I tried to play with Linux sysctl settings:

Click to copy

net.ipv4.tcp_congestion_control
net.ipv4.tcp_sack
net.ipv4.route.flush

but that did not help.

Seems that the problem appears at listen socket side. In tcpdump the TCP Window size is OK while handshaking. But after first incoming packet window size reduces (by listener's side).

UPD
Here is my server-side code snippet:

Click to copy

 serv_fd = socket(AF_INET, SOCK_STREAM, 0); 
 if (serv_fd == -1) {
      perror("socket");
      return;
 }   

 server.sin_family = AF_INET;
 server.sin_port = htons(LISTEN_PORT);
 server.sin_addr.s_addr = htonl(INADDR_ANY);

 #ifdef SET_BUF
 if (setsockopt(serv_fd, SOL_SOCKET, SO_RCVBUF, &buflen, sizeof(int)) == -1) {
      perror ("setsockopt");
      return;
 }   
 if (setsockopt(serv_fd, SOL_SOCKET, SO_SNDBUF, &buflen, sizeof(int)) == -1) {
      perror ("setsockopt");
      return;
 }   
 #endif // SET_BUF

 if (bind(serv_fd, (struct sockaddr *) &server, sizeof(server)) == -1) {
      perror("bind");
      return;
 }   

 if (listen(serv_fd, 3)) {
      perror("listen");
      return;
 }   

 printf("Server is listening on %u\n", LISTEN_PORT);

Could someone shed some light on my problem? I would be very grateful!
Can it be related to some recent Linux kernel modifications? Do I need to tune some Linux kernel settings or check some user-mode settings (f.e. socket options or whatever)?

P.S. The problem is unstable.

UPD:

tcpdump's output:

Click to copy

IP 10.0.0.34.31334 > 10.0.0.99.12345: Flags [S], seq 426261790, win 43690, options [mss 65495,sackOK,TS val 799180610 ecr 0,nop,wscale 7], length 0
IP 10.0.0.99.12345 > 10.0.0.34.31334: Flags [S.], seq 803872704, ack 426261791, win 65483, options [mss 65495,sackOK,TS val 799180567 ecr 799180610,nop,wscale 0], length 0
IP 10.0.0.34.31334 > 10.0.0.99.12345: Flags [.], ack 1, win 342, options [nop,nop,TS val 799180610 ecr 799180567], length 0
IP 10.0.0.34.31334 > 10.0.0.99.12345: Flags [P.], seq 1:1301, ack 1, win 342, options [nop,nop,TS val 799180610 ecr 799180567], length 1300
IP 10.0.0.34.31334 > 10.0.0.99.12345: Flags [P.], seq 1301:1804, ack 1, win 342, options [nop,nop,TS val 799181412 ecr 799180610], length 503
IP 10.0.0.99.12345 > 10.0.0.34.31334: Flags [.], ack 1804, win 512, options [nop,nop,TS val 799181412 ecr 799181412], length 0

10.0.0.34.31334 is a client, 10.0.0.99.12345 is a server. Pay attention to unexpected win 512 in the last line.

UPD2: I saw several messages about SYN-cookies in dmesg like:

Click to copy

possible SYN flooding on port 12345. Sending cookies.
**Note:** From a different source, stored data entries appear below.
(* Let $\Sigma:\ \dot x=-ZB\mathcal{K}(x^* )B^T\mathrm{Exp}\big(Z^T\mathrm{Ln}(\tfrac{x}{x^*})\big)$ be a balanced mass action chemical reaction network with thermodynamic equilibrium $x^*\in\mathbb{R}^m_+$, and let $\hat\Sigma:\ \dot x=-\hat Z\hat B\hat{\mathcal{K}}(x^* )\hat B^T\mathrm{Exp}\big(\hat Z^T\mathrm{Ln}(\tfrac{x}{x^*})\big)$ be its reduced-order model obtained by deleting a subset $\mathcal{V}_r$ of complexes (as described in the context). Denote by $\mathcal{E}$ and $\hat{\mathcal{E}}$ the sets of equilibria (points $x\in\mathbb{R}^m_+$ where the right-hand side vanishes) of $\Sigma$ and $\hat\Sigma$, respectively. Then $\mathcal{E}\subset\hat{\mathcal{E}}$. Furthermore, if $\Sigma$ has deficiency zero then so does $\hat\Sigma$.
   Context: Network $\Sigma$: $m$ species with concentrations $x\in\mathbb{R}^m_+$, $c$ complexes, $r$ reactions. $Z$ ($m\times c$) has as $\rho$-th column the species composition of complex $\rho$. The complex graph has the complexes as vertices and for each reaction $j$ an edge from its substrate complex $\mathcal{S}_j$ to its product complex $\mathcal{P}_j$; $B$ is its $c\times r$ incidence matrix ($-1$ at tail, $+1$ at head). Mass action rates $v_j(x)=k_j^{\mathrm{forw}}\exp(Z_{\mathcal{S}_j}^T\mathrm{Ln}(x))-k_j^{\mathrm{rev}}\exp(Z_{\mathcal{P}_j}^T\mathrm{Ln}(x))$; $x^*$ with $v(x^* )=0$ is a thermodynamic equilibrium; balanced reaction constants $\kappa_j(x^* )=k_j^{\mathrm{forw}}\exp(Z_{\mathcal{S}_j}^T\mathrm{Ln}(x^* ))>0$, $\mathcal{K}(x^* )=\mathrm{diag}(\kappa_j(x^* ))$, so that $ZBv(x)=-ZB\mathcal{K}(x^* )B^T\mathrm{Exp}(Z^T\mathrm{Ln}(x/x^* ))$. Reduction: let $L:=B\mathcal{K}(x^* )B^T$ (a symmetric weighted Laplacian of the complex graph). Choose a subset $\mathcal{V}_r$ of complexes to delete and, after permuting the complexes so that $\mathcal{V}_r$ comes last, partition $L=\begin{bmatrix}L_{11}&L_{12}\\L_{21}&L_{22}\end{bmatrix}$ and $Z=\begin{bmatrix}Z_1&Z_2\end{bmatrix}$ accordingly, with $L_{22}$ invertible. The Schur complement $\hat L:=L_{11}-L_{12}L_{22}^{-1}L_{21}$ is the weighted Laplacian $\hat B\hat{\mathcal{K}}(x^* )\hat B^T$ of a directed graph on the remaining complexes, with incidence matrix $\hat B$ and positive diagonal weight matrix $\hat{\mathcal{K}}(x^* )$; set $\hat Z:=Z_1$. The deficiency of a network with complex stoichiometric matrix $Z$ and incidence matrix $B$ is $\operatorname{rank}B-\operatorname{rank}ZB$; deficiency zero means this equals $0$ (equivalently $\ker Z\cap\operatorname{im}B=0$). $\mathrm{Ln},\mathrm{Exp}$ are componentwise logarithm/exponential, $x/x^*$ the componentwise quotient. *)

theory Defs
  imports "Jordan_Normal_Form.DL_Rank" "Jordan_Normal_Form.DL_Submatrix"
begin

definition incidence_mat :: "nat \<Rightarrow> nat \<Rightarrow> (nat \<Rightarrow> nat) \<Rightarrow> (nat \<Rightarrow> nat) \<Rightarrow> real mat" where
  "incidence_mat c r S P = mat c r (\<lambda>(i,j). (if i = P j then 1 else 0) - (if i = S j then 1 else 0))"

definition Ln_vec :: "real vec \<Rightarrow> real vec" where
  "Ln_vec x = map_vec ln x"

definition Exp_vec :: "real vec \<Rightarrow> real vec" where
  "Exp_vec x = map_vec exp x"

definition vec_quot :: "real vec \<Rightarrow> real vec \<Rightarrow> real vec" where
  "vec_quot x y = vec (dim_vec x) (\<lambda>i. x $ i / y $ i)"

definition pos_vec :: "nat \<Rightarrow> real vec \<Rightarrow> bool" where
  "pos_vec n x \<longleftrightarrow> dim_vec x = n \<and> (\<forall>i<n. x $ i > 0)"

text \<open>mass action rate of reaction j (substrate complex S j, product complex P j)\<close>
definition mass_action_rate ::
  "real mat \<Rightarrow> (nat \<Rightarrow> nat) \<Rightarrow> (nat \<Rightarrow> nat) \<Rightarrow> (nat \<Rightarrow> real) \<Rightarrow> (nat \<Rightarrow> real) \<Rightarrow> real vec \<Rightarrow> nat \<Rightarrow> real" where
  "mass_action_rate Z S P kf kr x j =
     kf j * exp (col Z (S j) \<bullet> Ln_vec x) - kr j * exp (col Z (P j) \<bullet> Ln_vec x)"

definition balanced_rhs :: "real mat \<Rightarrow> real mat \<Rightarrow> (nat \<Rightarrow> real) \<Rightarrow> real vec \<Rightarrow> real vec \<Rightarrow> real vec" where
  "balanced_rhs Z B \<kappa> xs x =
     - (Z * B * mat_diag (dim_col B) \<kappa> * transpose_mat B) *\<^sub>v Exp_vec (transpose_mat Z *\<^sub>v Ln_vec (vec_quot x xs))"

definition equilibria :: "nat \<Rightarrow> real mat \<Rightarrow> real mat \<Rightarrow> (nat \<Rightarrow> real) \<Rightarrow> real vec \<Rightarrow> real vec set" where
  "equilibria m Z B \<kappa> xs = {x. pos_vec m x \<and> balanced_rhs Z B \<kappa> xs x = 0\<^sub>v m}"

definition mat_rank :: "real mat \<Rightarrow> nat" where
  "mat_rank A = vec_space.rank (dim_row A) A"

definition deficiency :: "real mat \<Rightarrow> real mat \<Rightarrow> int" where
  "deficiency Z B = int (mat_rank B) - int (mat_rank (Z * B))"

end

theory Submission
  imports Defs
begin

text \<open>
  Write L = B K B^T. If x is an equilibrium of the full network, put u = Z^T Ln(x/x*) and
  y = Exp u. From Z L y = 0 we get 0 = <u, L y> = sum_j kappa_j (u_Pj - u_Sj) (e^u_Pj - e^u_Sj),
  a sum of non-negative terms, so L y = 0. A vector whose image under L vanishes on the deleted
  complexes is mapped by the Schur complement L11 - L12 L22^-1 L21 to the remaining part of its
  image; hence the restriction of y, which is the exponential term of the reduced model since
  Z1^T restricts Z^T, is annihilated by the reduced Laplacian.

  Deficiency zero means that Z is injective on im B = im L (the rank of B K B^T equals that of B
  for positive K). Every vector w on the remaining complexes extends to a y such that L y vanishes
  on the deleted ones, so each vector of the image of the reduced Laplacian is the remaining part
  of a vector of im L supported on the remaining complexes, on which Z acts as Z1. Hence Z1 is
  injective on the image of the reduced Laplacian, which is the image of the reduced incidence
  matrix.
\<close>

section \<open>Rank and injectivity on column spaces\<close>

lemma (in vectorspace) fin_dim_subspace:
  assumes "fin_dim" and X: "VectorSpace.subspace K X V"
  shows "vectorspace.fin_dim K (vs X)"
proof -
  interpret X: vectorspace K "vs X" using X by (rule subspace_is_vs)
  have X_carrier: "X \<subseteq> carrier V"
    using X unfolding VectorSpace.subspace_def submodule_def by auto
  have indpt_small: "finite A \<and> card A \<le> dim"
    if A: "A \<subseteq> carrier (vs X) \<and> X.lin_indpt A" for A
  proof -
    have "lin_indpt A" using span_li_not_depend(2)[of A X] A X X_carrier by auto
    then show ?thesis using li_le_dim[OF \<open>fin_dim\<close>] A X_carrier by auto
  qed
  have "\<exists>A. finite A \<and> maximal A (\<lambda>S. S \<subseteq> carrier (vs X) \<and> X.lin_indpt S)"
    by (rule maximal_exists[where N = dim and B = "{}"]) (use indpt_small in blast, auto simp: X.lin_dep_def)
  then obtain A where "finite A" and A: "maximal A (\<lambda>S. S \<subseteq> carrier (vs X) \<and> X.lin_indpt S)"
    by blast
  then have "X.basis A" by (intro X.max_li_is_basis) auto
  then show ?thesis using \<open>finite A\<close> unfolding X.fin_dim_def X.basis_def by auto
qed

lemma (in vectorspace) dim_0_imp_trivial:
  assumes "fin_dim" and "dim = 0"
  shows "carrier V = {\<zero>\<^bsub>V\<^esub>}"
proof -
  obtain b where b: "basis b" using finite_basis_exists[OF \<open>fin_dim\<close>] by blast
  then have "finite b" using \<open>fin_dim\<close> basis_def li_le_dim(1) by blast
  then have "b = {}" using dim_basis b \<open>dim = 0\<close> by auto
  then show ?thesis using b unfolding basis_def using span_empty by auto
qed

lemma (in linear_map) dim_image_eq_iff_inj:
  assumes fd: "V.fin_dim"
  shows "vectorspace.dim K (W.vs imT) = V.dim \<longleftrightarrow> inj_on T (carrier V)"
proof -
  interpret Ker: vectorspace K "V.vs kerT" by (rule V.subspace_is_vs[OF kerT_is_subspace])
  have rank_nullity: "vectorspace.dim K (W.vs imT) + Ker.dim = V.dim"
    by (rule rank_nullity[OF fd])
  have "Ker.dim = 0 \<longleftrightarrow> inj_on T (carrier V)"
  proof
    assume "Ker.dim = 0"
    have "Ker.fin_dim" by (rule V.fin_dim_subspace[OF fd kerT_is_subspace])
    then have "carrier (V.vs kerT) = {\<zero>\<^bsub>V.vs kerT\<^esub>}" by (rule Ker.dim_0_imp_trivial) fact
    then show "inj_on T (carrier V)" by (intro Ke0_imp_inj) simp
  qed (rule inj_imp_dim_ker0)
  then show ?thesis using rank_nullity by linarith
qed

lemma (in linear_map) dim_image_le:
  assumes "V.fin_dim"
  shows "vectorspace.dim K (W.vs imT) \<le> V.dim"
  using rank_nullity[OF assms] by linarith

definition mat_range :: "'a :: semiring_0 mat \<Rightarrow> 'a vec set" where
  "mat_range A = (\<lambda>x. A *\<^sub>v x) ` carrier_vec (dim_col A)"

lemma mat_rangeI: "x \<in> carrier_vec (dim_col A) \<Longrightarrow> A *\<^sub>v x \<in> mat_range A"
  unfolding mat_range_def by blast

lemma mat_rangeE:
  assumes "v \<in> mat_range A" and "A \<in> carrier_mat n k"
  obtains x where "x \<in> carrier_vec k" "v = A *\<^sub>v x"
  using assms unfolding mat_range_def by blast

lemma mat_range_carrier: "A \<in> carrier_mat n k \<Longrightarrow> mat_range A \<subseteq> carrier_vec n"
  unfolding mat_range_def by auto

lemma (in vec_space) span_cols_eq_mat_range:
  assumes "A \<in> carrier_mat n k"
  shows "span (set (cols A)) = mat_range A"
  using col_space_eq[OF assms] assms unfolding col_space_def mat_range_def by auto

lemma (in vec_space) mat_range_subspace:
  assumes "A \<in> carrier_mat n k"
  shows "VectorSpace.subspace class_ring (mat_range A) V"
  unfolding span_cols_eq_mat_range[OF assms, symmetric]
  using assms cols_dim carrier_matD(1) by (intro span_is_subspace) blast

lemma (in vec_space) mat_range_fin_dim:
  assumes "A \<in> carrier_mat n k"
  shows "vectorspace.fin_dim class_ring (vs (mat_range A))"
  using fin_dim_span_cols[OF assms] unfolding span_cols_eq_mat_range[OF assms] .

lemma (in vec_space) rank_eq_dim_mat_range:
  assumes "A \<in> carrier_mat n k"
  shows "rank A = vectorspace.dim class_ring (vs (mat_range A))"
  unfolding rank_def span_cols_eq_mat_range[OF assms] ..

lemma mat_range_mult:
  assumes "A \<in> carrier_mat n k" and "M \<in> carrier_mat p n"
  shows "mat_range (M * A) = (\<lambda>v. M *\<^sub>v v) ` mat_range A"
proof -
  have "(M * A) *\<^sub>v x = M *\<^sub>v (A *\<^sub>v x)" if "x \<in> carrier_vec k" for x
    using assms that by (simp add: assoc_mult_mat_vec)
  then show ?thesis
    using assms unfolding mat_range_def image_image by (intro image_cong) auto
qed

lemma mat_range_mult_subset:
  assumes "A \<in> carrier_mat n k" and "M \<in> carrier_mat k l"
  shows "mat_range (A * M) \<subseteq> mat_range A"
proof
  fix v assume "v \<in> mat_range (A * M)"
  then obtain x where x: "x \<in> carrier_vec l" and "v = (A * M) *\<^sub>v x"
    using assms by (elim mat_rangeE) auto
  then have "v = A *\<^sub>v (M *\<^sub>v x)" using assms by simp
  then show "v \<in> mat_range A"
    using assms x mat_rangeI[of "M *\<^sub>v x" A] by simp
qed

lemma mult_mat_zero_vec: "A \<in> carrier_mat n k \<Longrightarrow> A *\<^sub>v 0\<^sub>v k = 0\<^sub>v n"
  by (intro eq_vecI) auto

lemma inj_on_mat_range_iff:
  fixes A M :: "'a :: comm_ring_1 mat"
  assumes A: "A \<in> carrier_mat n k" and M: "M \<in> carrier_mat p n"
  shows "inj_on (\<lambda>v. M *\<^sub>v v) (mat_range A) \<longleftrightarrow> (\<forall>v\<in>mat_range A. M *\<^sub>v v = 0\<^sub>v p \<longrightarrow> v = 0\<^sub>v n)"
proof
  assume "inj_on (\<lambda>v. M *\<^sub>v v) (mat_range A)"
  moreover have "0\<^sub>v n \<in> mat_range A" and "M *\<^sub>v 0\<^sub>v n = 0\<^sub>v p"
    using mat_rangeI[of "0\<^sub>v k" A] A M by (auto simp: mult_mat_zero_vec)
  ultimately show "\<forall>v\<in>mat_range A. M *\<^sub>v v = 0\<^sub>v p \<longrightarrow> v = 0\<^sub>v n"
    by (metis inj_onD)
next
  assume ker: "\<forall>v\<in>mat_range A. M *\<^sub>v v = 0\<^sub>v p \<longrightarrow> v = 0\<^sub>v n"
  show "inj_on (\<lambda>v. M *\<^sub>v v) (mat_range A)"
  proof (rule inj_onI)
    fix v w assume "v \<in> mat_range A" "w \<in> mat_range A" and eq: "M *\<^sub>v v = M *\<^sub>v w"
    then obtain x y where x: "x \<in> carrier_vec k" "v = A *\<^sub>v x" and y: "y \<in> carrier_vec k" "w = A *\<^sub>v y"
      using A by (metis mat_rangeE)
    have v: "v \<in> carrier_vec n" and w: "w \<in> carrier_vec n" using x y A by auto
    have diff: "v - w = A *\<^sub>v (x - y)" using x y A by (simp add: mult_minus_distrib_mat_vec)
    have "M *\<^sub>v (v - w) = 0\<^sub>v p"
      using eq v w M by (simp add: mult_minus_distrib_mat_vec)
    moreover have "v - w \<in> mat_range A"
      unfolding diff using x y A by (intro mat_rangeI) simp
    ultimately have "v - w = 0\<^sub>v n" using ker by blast
    show "v = w"
    proof (rule eq_vecI)
      fix i assume "i < dim_vec w"
      then show "v $ i = w $ i"
        using arg_cong[OF \<open>v - w = 0\<^sub>v n\<close>, of "\<lambda>u. u $ i"] v w by simp
    qed (use v w in simp)
  qed
qed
But they are not so time related with slow transmissions.

276

asked Jan 16 '20 17:01

z0lupka

1 Answers

I'm not really sure this is exactly your case, but it looks similar. Seems that it's a known problem.

Reasons

A number of circumstances can lead to such Linux kernel behavior:

Specificity of kernel connection handling in SYN-cookies context with connections having zero Window Scale (or if WS modified in some other way).
Zero Window Scale you provoked by setsockopt() with SO_RCVBUF (see tcp_select_initial_window())
Extremely small backlog

Explanation

About "slow" transmission:
The Windows Scaling option is calculated at [SYN - SYN+ACK] stage by both hosts. Roughly speaking Host A says "imply my TCP window size on N during future exchange" (SYN) then Host B says "imply my TCP window size on M during future exchange" (SYN+ACK) - here N and M could be th same. So, in a normal situation, these coefficients are stored and eventually used while data exchange.
But TCP SYN-cookies technique implies forgetfulness about [SYN - SYN+ACK] stage of connection (some stated options including WS will be lost after SYN+ACK). In that case Linux kernel re-calculates WS value when ACK arrives (if the ACK has arrived, then creating a regular connection is needed). But that second recalculation could be a bit different because setsockopt() does not affect it (for some objective reasons). Here you face with situation, when your server sends zero Window Scale option with SYN+ACK, then forgets about it, then re-spawn connection (when ACK arrives) as it was with some default Window Scale (e.g. 7) and use little window implying that client will multiply it by 128. But client doesn't forget that WS is 0 and treats little window size as real - hence it send a little portions of data - hereby your "slow" connection takes the stage.

About SYN-flood:
When you have such a little backlog an simple 3 SYN-retransmits can provoke SYN-cookies (i.e. will fill in your backlog queue). BTW do you see retransmissions in tcpdump?
From ip-sysctl.txt:

Click to copy

Note, that syncookies is fallback facility.
It MUST NOT be used to help highly loaded servers to stand
against legal connection rate. If you see SYN flood warnings
in your logs, but investigation shows that they occur
because of overload with legal connections, you should tune
another parameters until this warning disappear.
See: tcp_max_syn_backlog, tcp_synack_retries, tcp_abort_on_overflow.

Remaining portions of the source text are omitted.